BEGIN Information given

lemma power_int_Gcd_eq_1:
  fixes S :: "int set" and w :: complex
  assumes w0: "w \<noteq> 0" and S: "\<And>s. s \<in> S \<Longrightarrow> w powi s = 1"
  shows "w powi (Gcd S) = 1"
proof (cases "S \<subseteq> {0}")
  case True
  hence "Gcd S = 0" by simp
  thus ?thesis by (metis power_int_0_right)
next
  case False
  then obtain s0 where s0: "s0 \<in> S" "s0 \<noteq> 0" by auto
  have "w ^ nat \<bar>s0\<bar> = 1"
    using S[OF s0(1)] w0 by (cases "s0 \<ge> 0") (auto simp: power_int_minus power_int_def power_inverse)
  hence ex: "\<exists>d::nat. d > 0 \<and> w ^ d = 1" using s0(2) by (intro exI[of _ "nat \<bar>s0\<bar>"]) auto
  define m where "m = (LEAST d::nat. d > 0 \<and> w ^ d = 1)"
  have m: "m > 0" "w ^ m = 1" using LeastI_ex[OF ex] unfolding m_def by auto
  have "int m dvd s" if s: "s \<in> S" for s
  proof -
    have r: "0 \<le> s mod int m" "s mod int m < int m" using m by auto
    have "s = int m * (s div int m) + s mod int m" by simp
    hence "w powi s = (w powi int m) powi (s div int m) * w powi (s mod int m)"
      using w0 by (metis power_int_add power_int_mult)
    hence "w powi (s mod int m) = 1" using S[OF s] m by simp
    hence "w ^ nat (s mod int m) = 1" using r by (metis power_int_of_nat int_nat_eq)
    hence "\<not> nat (s mod int m) > 0"
      using not_less_Least[of "nat (s mod int m)" "\<lambda>d. d > 0 \<and> w ^ d = 1"] r
      unfolding m_def[symmetric] by auto
    thus ?thesis using r by (simp add: dvd_eq_mod_eq_0)
  qed
  hence "int m dvd Gcd S" by (intro Gcd_greatest) auto
  then obtain q where "Gcd S = int m * q" by (auto elim: dvdE)
  thus ?thesis using w0 m by (simp add: power_int_mult)
qed

lemma cis_2pi_div_pow_eq_1_iff:
  assumes "0 < n"
  shows "cis (2 * pi / real n) ^ t = 1 \<longleftrightarrow> n dvd t"
proof -
  have "cis (2 * pi / real n) ^ t = cis (real t * (2 * pi / real n))"
    by (rule Complex.DeMoivre)
  also have "\<dots> = exp (2 * of_real pi * \<i> * of_nat t / of_nat n)"
    using assms by (simp add: cis_conv_exp field_simps)
  finally show ?thesis using complex_root_unity_eq_1[of n t] assms by simp
qed

lemma weighted_unimodular_sum_eq_1:
  fixes g :: "'a \<Rightarrow> nat \<Rightarrow> real" and z :: "'a \<Rightarrow> nat \<Rightarrow> complex"
  assumes J: "finite J" and g_summable: "\<And>j. j \<in> J \<Longrightarrow> summable (g j)"
    and g_nonneg: "\<And>j k. j \<in> J \<Longrightarrow> 0 \<le> g j k" and z: "\<And>j k. j \<in> J \<Longrightarrow> cmod (z j k) \<le> 1"
    and eq: "(\<Sum>j\<in>J. \<Sum>k. complex_of_real (g j k) * z j k) = complex_of_real (\<Sum>j\<in>J. \<Sum>k. g j k)"
    and j: "j \<in> J" and pos: "0 < g j k"
  shows "z j k = 1"
proof -
  have gz_summable: "summable (\<lambda>k. complex_of_real (g j k) * z j k)" if "j \<in> J" for j
    by (rule summable_comparison_test'[OF g_summable[OF that]])
       (use g_nonneg[OF that] z[OF that] in \<open>auto simp: norm_mult intro: mult_left_le\<close>)
  define d where "d j k = g j k * (1 - Re (z j k))" for j k
  have d_nonneg: "0 \<le> d j k" if "j \<in> J" for j k
    using g_nonneg[OF that, of k] complex_Re_le_cmod[of "z j k"] z[OF that, of k]
    unfolding d_def by (intro mult_nonneg_nonneg) linarith+
  have gRe: "summable (\<lambda>k. g j k * Re (z j k))" if "j \<in> J" for j
    using summable_Re[OF gz_summable[OF that]] by simp
  have d_summable: "summable (d j)" if "j \<in> J" for j
    using summable_diff[OF g_summable[OF that] gRe[OF that]] unfolding d_def by (simp add: algebra_simps)
  have "(\<Sum>j\<in>J. suminf (d j)) = (\<Sum>j\<in>J. \<Sum>k. g j k) - (\<Sum>j\<in>J. \<Sum>k. g j k * Re (z j k))"
    using suminf_diff[OF g_summable gRe] unfolding d_def by (simp add: algebra_simps sum_subtractf)
  also have "(\<Sum>j\<in>J. \<Sum>k. g j k * Re (z j k)) = (\<Sum>j\<in>J. \<Sum>k. g j k)"
    using arg_cong[OF eq, of Re] Re_suminf[OF gz_summable] by (simp add: Re_sum)
  finally have "(\<Sum>j\<in>J. suminf (d j)) = 0" by simp
  moreover have "0 \<le> suminf (d j)" if "j \<in> J" for j
    using suminf_nonneg[OF d_summable[OF that] d_nonneg[OF that]] .
  ultimately have "suminf (d j) = 0" using sum_nonneg_eq_0_iff[of J "\<lambda>j. suminf (d j)"] J j by blast
  hence "d j k = 0" using suminf_eq_zero_iff[OF d_summable[OF j] d_nonneg[OF j]] by simp
  hence "Re (z j k) = 1" using pos unfolding d_def by simp
  thus ?thesis using z[OF j, of k] by (auto simp: cmod_def complex_eq_iff)
qed

lemma dvd_diff_le_of_ge_minus_1:
  fixes G x y :: int
  assumes "G dvd y - x" and "y \<ge> -1" and "x \<le> G - 2"
  shows "x \<le> y"
proof (rule ccontr)
  assume "\<not> x \<le> y"
  moreover obtain q where q: "y - x = G * q"
    using assms(1) by (auto elim: dvdE)
  moreover have "G > 0" using assms(2,3) calculation(1) by linarith
  ultimately have "G * q < 0" "G > 0" by linarith+
  hence "q \<le> -1" by (simp add: mult_less_0_iff)
  hence "G * q \<le> G * -1" using \<open>G > 0\<close> by (intro mult_left_mono) auto
  thus False using q assms(2,3) by linarith
qed

lemma diag_mult_mat_index:
  assumes X: "X \<in> carrier_mat n n" and ij: "i < n" "j < n"
  shows "(mat n n (\<lambda>(i,j). if i = j then d i else 0) * X) $$ (i, j) = d i * X $$ (i, j)"
    and "(X * mat n n (\<lambda>(i,j). if i = j then d i else 0)) $$ (i, j) = X $$ (i, j) * d j"
proof -
  have "(\<Sum>l = 0..<n. (if i = l then d i else 0) * X $$ (l, j)) = (\<Sum>l = 0..<n. if l = i then d i * X $$ (i, j) else 0)"
    and "(\<Sum>l = 0..<n. X $$ (i, l) * (if l = j then d l else 0)) = (\<Sum>l = 0..<n. if l = j then X $$ (i, j) * d j else 0)"
    by (intro sum.cong; auto)+
  thus "(mat n n (\<lambda>(i,j). if i = j then d i else 0) * X) $$ (i, j) = d i * X $$ (i, j)"
    and "(X * mat n n (\<lambda>(i,j). if i = j then d i else 0)) $$ (i, j) = X $$ (i, j) * d j"
    using X ij by (simp_all add: scalar_prod_def)
qed

lemma order_char_poly_le_1:
  fixes X :: "complex mat"
  assumes X: "X \<in> carrier_mat n n" and dim: "dim_gen_eigenspace X e 2 \<le> 1"
  shows "order e (char_poly X) \<le> 1"
proof -
  obtain n_as where jnf: "jordan_nf X n_as"
    using char_poly_factorized[OF X] jordan_nf_exists[OF X] by blast
  define L where "L = map fst [(n, e')\<leftarrow>n_as . e' = e]"
  have pos: "\<forall>x\<in>set L. x > 0"
    using jnf unfolding jordan_nf_def L_def by (force simp: image_iff)
  have min2: "(\<forall>x\<in>set L. x > 0) \<Longrightarrow> sum_list (map (min 2) L) \<le> 1 \<Longrightarrow> sum_list L \<le> 1" for L :: "nat list"
  proof (induction L)
    case (Cons a L)
    thus ?case by (cases L) (auto simp: min_def split: if_splits)
  qed simp
  have "sum_list L \<le> 1"
    using min2[OF pos] dim dim_gen_eigenspace[OF jnf, of e 2] unfolding L_def by simp
  thus ?thesis unfolding jordan_nf_order[OF jnf] L_def by (simp add: case_prod_unfold)
qed

section \<open>The eigenvalue selector delta\<close>

lemma delta_eqI:
  fixes X :: "complex mat"
  assumes l: "eigenvalue X l"
    and max: "\<And>m. eigenvalue X m \<Longrightarrow> cmod m \<le> cmod l \<and>
      (cmod m = cmod l \<longrightarrow> Re m < Re l \<or> (Re m = Re l \<and> Im m \<le> Im l))"
  shows "delta X = l"
  unfolding delta_def
proof (rule the_equality)
  fix l' assume l': "eigenvalue X l' \<and> (\<forall>m. eigenvalue X m \<longrightarrow> cmod m \<le> cmod l' \<and>
      (cmod m = cmod l' \<longrightarrow> Re m < Re l' \<or> (Re m = Re l' \<and> Im m \<le> Im l')))"
  have c: "cmod l' = cmod l" using max l' l by (meson order_antisym)
  have r: "Re l' = Re l" using max l' l c by fastforce
  have "Im l' = Im l" using max l' l c r by fastforce
  thus "l' = l" using r complex_eqI by blast
qed (use assms in blast)

lemma delta_spec:
  fixes X :: "complex mat"
  assumes X: "X \<in> carrier_mat n n" and n: "n > 0"
  shows "eigenvalue X (delta X) \<and> (\<forall>m. eigenvalue X m \<longrightarrow>
         cmod m \<le> cmod (delta X) \<and>
         (cmod m = cmod (delta X) \<longrightarrow> Re m < Re (delta X) \<or> (Re m = Re (delta X) \<and> Im m \<le> Im (delta X))))"
proof -
  define S where "S = Collect (eigenvalue X)"
  have fin: "finite S" and ne: "S \<noteq> {}"
    using card_finite_spectrum(1)[OF X] spectrum_non_empty[OF X n] unfolding S_def spectrum_def by auto
  define S1 where "S1 = {s\<in>S. cmod s = Max (cmod ` S)}"
  have fin1: "finite S1" and ne1: "S1 \<noteq> {}"
    using fin ne Max_in[of "cmod ` S"] unfolding S1_def by fastforce+
  define S2 where "S2 = {s\<in>S1. Re s = Max (Re ` S1)}"
  have fin2: "finite S2" and ne2: "S2 \<noteq> {}"
    using fin1 ne1 Max_in[of "Re ` S1"] unfolding S2_def by fastforce+
  obtain l where l: "l \<in> S2" "Im l = Max (Im ` S2)"
    using fin2 ne2 Max_in[of "Im ` S2"] by fastforce
  have ev: "eigenvalue X l" using l unfolding S2_def S1_def S_def by auto
  have max: "cmod m \<le> cmod l \<and> (cmod m = cmod l \<longrightarrow> Re m < Re l \<or> (Re m = Re l \<and> Im m \<le> Im l))"
    if m: "eigenvalue X m" for m
  proof (intro conjI impI)
    show "cmod m \<le> cmod l" using l m fin unfolding S2_def S1_def S_def by auto
    assume "cmod m = cmod l"
    hence mS1: "m \<in> S1" using l m unfolding S2_def S1_def S_def by auto
    hence "Re m \<le> Re l" using l fin1 unfolding S2_def by auto
    moreover have "Im m \<le> Im l" if "Re m = Re l"
      using that mS1 l fin2 unfolding S2_def by auto
    ultimately show "Re m < Re l \<or> (Re m = Re l \<and> Im m \<le> Im l)" by linarith
  qed
  show ?thesis using delta_eqI[OF ev max] ev max by simp
qed

lemma delta_eq_1I:
  fixes X :: "complex mat"
  assumes "eigenvalue X 1" and "\<And>m. eigenvalue X m \<Longrightarrow> cmod m \<le> 1"
  shows "delta X = 1"
proof (rule delta_eqI[OF assms(1)])
  fix m assume m: "eigenvalue X m"
  have "Re m < 1 \<or> m = 1" if "cmod m = 1"
    using that complex_Re_le_cmod[of m] by (auto simp: cmod_def complex_eq_iff)
  thus "cmod m \<le> cmod 1 \<and> (cmod m = cmod 1 \<longrightarrow> Re m < Re 1 \<or> (Re m = Re 1 \<and> Im m \<le> Im 1))"
    using assms(2)[OF m] by auto
qed
(* Let $(M,g)$ be a $d$-dimensional Lorentzian manifold with $d>4$, let $p\in M$, and let $\{\ell,n,m^3,\dots,m^d\}$ be a null frame at $p$. Suppose the Weyl tensor $C$ at $p$ is invariant under the subgroup of the Lorentz group at $p$ that fixes $\ell$ and $n$ and acts as $SO(d-2)$, in its standard representation, on $\mathrm{span}\{m^3,\dots,m^d\}$. Then, in this null frame, the Weyl tensor is of type D(bcd): all components of nonzero boost weight vanish, and $\bar S_{ij}=0$, $\bar C_{ijkl}=0$ and $A_{ij}=0$. Consequently the Weyl tensor at $p$ has only one independent component, namely $\bar R$.
   Context: Null frame convention: the metric is $g=2\,\ell\, n+\delta_{ij}m^im^j$, i.e. $g(\ell,n)=1$, $g(m^i,m^j)=\delta_{ij}$, all other products zero. Frame indices: $0$ refers to $\ell$, $1$ to $n$, and $i,j,k,l\in\{3,\dots,d\}$ to the $m^i$; set $n=d-2$ (number of spatial directions). $C_{abcd}$ are the frame components of the Weyl tensor. The boost weight of a component $C_{abcd}$ is (number of indices equal to $0$) minus (number of indices equal to $1$). Define $\bar R_{ij}=\sum_k C_{kikj}$, $\bar R=\sum_i \bar R_{ii}$, $\bar S_{ij}=\bar R_{ij}-\frac1{n}\bar R\,\delta_{ij}$ (trace-free part), $\bar C_{ijkl}$ = the Weyl (totally trace-free) part of the algebraic curvature tensor $C_{ijkl}$ on $\mathbb R^{n}$ with Euclidean metric $\delta_{ij}$, and $A_{ij}=C_{01ij}$. *)

theory Defs
  imports "HOL-Analysis.Analysis"
begin

text \<open>Frame indices: 0 = l, 1 = n, 3..d = the spacelike m^i (index 2 is not used).
  A tensor at p is represented by its frame components, a function
  nat => nat => nat => nat => real, only meaningful on frame indices.\<close>

definition sp :: "nat \<Rightarrow> nat set" where
  "sp d = {3..d}"

definition idx :: "nat \<Rightarrow> nat set" where
  "idx d = {0, 1} \<union> sp d"

definition kdelta :: "nat \<Rightarrow> nat \<Rightarrow> real" where
  "kdelta i j = (if i = j then 1 else 0)"

text \<open>Frame components of the metric g = 2 l n + delta_ij m^i m^j (its inverse has the
  same components).\<close>
definition eta :: "nat \<Rightarrow> nat \<Rightarrow> real" where
  "eta a b = (if (a = 0 \<and> b = 1) \<or> (a = 1 \<and> b = 0) then 1
              else if a \<ge> 3 \<and> b \<ge> 3 \<and> a = b then 1 else 0)"

definition is_weyl :: "nat \<Rightarrow> (nat \<Rightarrow> nat \<Rightarrow> nat \<Rightarrow> nat \<Rightarrow> real) \<Rightarrow> bool" where
  "is_weyl d C \<longleftrightarrow>
     (\<forall>a\<in>idx d. \<forall>b\<in>idx d. \<forall>c\<in>idx d. \<forall>e\<in>idx d.
        C a b c e = - C b a c e \<and> C a b c e = - C a b e c \<and> C a b c e = C c e a b \<and>
        C a b c e + C a c e b + C a e b c = 0) \<and>
     (\<forall>b\<in>idx d. \<forall>e\<in>idx d. (\<Sum>a\<in>idx d. \<Sum>c\<in>idx d. eta a c * C a b c e) = 0)"

definition det_on :: "nat set \<Rightarrow> (nat \<Rightarrow> nat \<Rightarrow> real) \<Rightarrow> real" where
  "det_on S R = (\<Sum>p\<in>{p. p permutes S}. of_int (sign p) * (\<Prod>i\<in>S. R i (p i)))"

definition in_SO :: "nat \<Rightarrow> (nat \<Rightarrow> nat \<Rightarrow> real) \<Rightarrow> bool" where
  "in_SO d R \<longleftrightarrow>
     (\<forall>i\<in>sp d. \<forall>j\<in>sp d. (\<Sum>k\<in>sp d. R i k * R j k) = kdelta i j) \<and> det_on (sp d) R = 1"

text \<open>The Lorentz transformation fixing l and n and acting as R on the m^i:
  new frame vector e'_a = sum_b lor d R a b e_b.\<close>
definition lor :: "nat \<Rightarrow> (nat \<Rightarrow> nat \<Rightarrow> real) \<Rightarrow> nat \<Rightarrow> nat \<Rightarrow> real" where
  "lor d R a b = (if a = 0 \<and> b = 0 then 1 else if a = 1 \<and> b = 1 then 1
                  else if a \<in> sp d \<and> b \<in> sp d then R a b else 0)"

definition transform ::
  "nat \<Rightarrow> (nat \<Rightarrow> nat \<Rightarrow> real) \<Rightarrow> (nat \<Rightarrow> nat \<Rightarrow> nat \<Rightarrow> nat \<Rightarrow> real) \<Rightarrow> nat \<Rightarrow> nat \<Rightarrow> nat \<Rightarrow> nat \<Rightarrow> real" where
  "transform d R C a b c e =
     (\<Sum>p\<in>idx d. \<Sum>q\<in>idx d. \<Sum>r\<in>idx d. \<Sum>s\<in>idx d.
        lor d R a p * lor d R b q * lor d R c r * lor d R e s * C p q r s)"

definition SO_invariant :: "nat \<Rightarrow> (nat \<Rightarrow> nat \<Rightarrow> nat \<Rightarrow> nat \<Rightarrow> real) \<Rightarrow> bool" where
  "SO_invariant d C \<longleftrightarrow>
     (\<forall>R. in_SO d R \<longrightarrow> (\<forall>a\<in>idx d. \<forall>b\<in>idx d. \<forall>c\<in>idx d. \<forall>e\<in>idx d.
         transform d R C a b c e = C a b c e))"

definition cnt :: "nat \<Rightarrow> nat \<Rightarrow> nat \<Rightarrow> nat \<Rightarrow> nat \<Rightarrow> int" where
  "cnt x a b c e = (if a = x then 1 else 0) + (if b = x then 1 else 0)
                 + (if c = x then 1 else 0) + (if e = x then 1 else 0)"

definition boost_weight :: "nat \<Rightarrow> nat \<Rightarrow> nat \<Rightarrow> nat \<Rightarrow> int" where
  "boost_weight a b c e = cnt 0 a b c e - cnt 1 a b c e"

definition Rbar_ij :: "nat \<Rightarrow> (nat \<Rightarrow> nat \<Rightarrow> nat \<Rightarrow> nat \<Rightarrow> real) \<Rightarrow> nat \<Rightarrow> nat \<Rightarrow> real" where
  "Rbar_ij d C i j = (\<Sum>k\<in>sp d. C k i k j)"

definition Rbar :: "nat \<Rightarrow> (nat \<Rightarrow> nat \<Rightarrow> nat \<Rightarrow> nat \<Rightarrow> real) \<Rightarrow> real" where
  "Rbar d C = (\<Sum>i\<in>sp d. Rbar_ij d C i i)"

definition Sbar :: "nat \<Rightarrow> (nat \<Rightarrow> nat \<Rightarrow> nat \<Rightarrow> nat \<Rightarrow> real) \<Rightarrow> nat \<Rightarrow> nat \<Rightarrow> real" where
  "Sbar d C i j = Rbar_ij d C i j - Rbar d C / (real d - 2) * kdelta i j"

text \<open>Weyl part of the algebraic curvature tensor C_ijkl on R^n, n = d - 2 (standard
  Ricci decomposition, Ricci tensor Rbar_ij obtained by contracting 1st and 3rd index).\<close>
definition Cbar :: "nat \<Rightarrow> (nat \<Rightarrow> nat \<Rightarrow> nat \<Rightarrow> nat \<Rightarrow> real) \<Rightarrow> nat \<Rightarrow> nat \<Rightarrow> nat \<Rightarrow> nat \<Rightarrow> real" where
  "Cbar d C i j k l =
     (let n = real d - 2 in
      C i j k l
      - (kdelta i k * Rbar_ij d C j l - kdelta i l * Rbar_ij d C j k
         + kdelta j l * Rbar_ij d C i k - kdelta j k * Rbar_ij d C i l) / (n - 2)
      + Rbar d C * (kdelta i k * kdelta j l - kdelta i l * kdelta j k) / ((n - 1) * (n - 2)))"

definition Acomp :: "(nat \<Rightarrow> nat \<Rightarrow> nat \<Rightarrow> nat \<Rightarrow> real) \<Rightarrow> nat \<Rightarrow> nat \<Rightarrow> real" where
  "Acomp C i j = C 0 1 i j"

definition type_Dbcd :: "nat \<Rightarrow> (nat \<Rightarrow> nat \<Rightarrow> nat \<Rightarrow> nat \<Rightarrow> real) \<Rightarrow> bool" where
  "type_Dbcd d C \<longleftrightarrow>
     (\<forall>a\<in>idx d. \<forall>b\<in>idx d. \<forall>c\<in>idx d. \<forall>e\<in>idx d. boost_weight a b c e \<noteq> 0 \<longrightarrow> C a b c e = 0) \<and>
     (\<forall>i\<in>sp d. \<forall>j\<in>sp d. Sbar d C i j = 0) \<and>
     (\<forall>i\<in>sp d. \<forall>j\<in>sp d. \<forall>k\<in>sp d. \<forall>l\<in>sp d. Cbar d C i j k l = 0) \<and>
     (\<forall>i\<in>sp d. \<forall>j\<in>sp d. Acomp C i j = 0)"

end

theory Submission
  imports Defs
begin

text \<open>The group SO(n), n = d - 2, contains the signed permutation matrices of determinant one,
  and invariance under these alone forces the result. Reflecting two spatial axes kills every
  component in which they occur an odd number of times in total; since n \<ge> 3 a second axis is
  always available. Transpositions and 3-cycles of spatial axes together with the Bianchi
  identity leave only C_{ijij} = \<kappa>, C_{0i0i}, C_{1i1i}, C_{0i1i} = \<beta> and C_{0101} = \<alpha>
  (up to the index symmetries), and the trace conditions give C_{0i0i} = C_{1i1i} = 0,
  \<beta> = -(n - 1) \<kappa> / 2 and \<alpha> = n \<beta>. Hence C = \<kappa> G for a single tensor G of boost weight zero
  built from Kulkarni-Nomizu products, and Rbar = n (n - 1) \<kappa>.\<close>

lemma null_notin_sp [simp]: "0 \<notin> sp d" "1 \<notin> sp d" "Suc 0 \<notin> sp d"
  and sp_neq_null: "x \<in> sp d \<Longrightarrow> x \<noteq> 0" "x \<in> sp d \<Longrightarrow> x \<noteq> 1" "x \<in> sp d \<Longrightarrow> x \<noteq> Suc 0"
  by (auto simp: sp_def)

lemma null_in_idx [simp]: "0 \<in> idx d" "1 \<in> idx d" "Suc 0 \<in> idx d"
  by (auto simp: idx_def)

lemma finite_sp [simp]: "finite (sp d)"
  and finite_idx [simp]: "finite (idx d)"
  and card_sp: "card (sp d) = d - 2"
  by (simp_all add: sp_def idx_def)

lemma sp_in_idx: "a \<in> sp d \<Longrightarrow> a \<in> idx d"
  by (simp add: idx_def)

lemma idx_cases: "a \<in> idx d \<Longrightarrow> a = 0 \<or> a = 1 \<or> a \<in> sp d"
  by (auto simp: idx_def)

lemma permutes_sp_idx: "\<pi> permutes sp d \<Longrightarrow> a \<in> idx d \<Longrightarrow> \<pi> a \<in> idx d"
  by (metis idx_cases null_in_idx(1,2) permutes_in_image permutes_not_in null_notin_sp(1,2) sp_in_idx)

section \<open>Signed permutation matrices in SO(n)\<close>

definition monomial_matrix :: "(nat \<Rightarrow> nat) \<Rightarrow> (nat \<Rightarrow> real) \<Rightarrow> nat \<Rightarrow> nat \<Rightarrow> real" where
  "monomial_matrix \<pi> s i k = (if k = \<pi> i then s i else 0)"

END Information given

» Your objective: Copy task for the entries above: every line with the string "Acomp".

» Reply:
definition Acomp :: "(nat \<Rightarrow> nat \<Rightarrow> nat \<Rightarrow> nat \<Rightarrow> real) \<Rightarrow> nat \<Rightarrow> nat \<Rightarrow> real" where
  "Acomp C i j = C 0 1 i j"
     (\<forall>i\<in>sp d. \<forall>j\<in>sp d. Acomp C i j = 0)"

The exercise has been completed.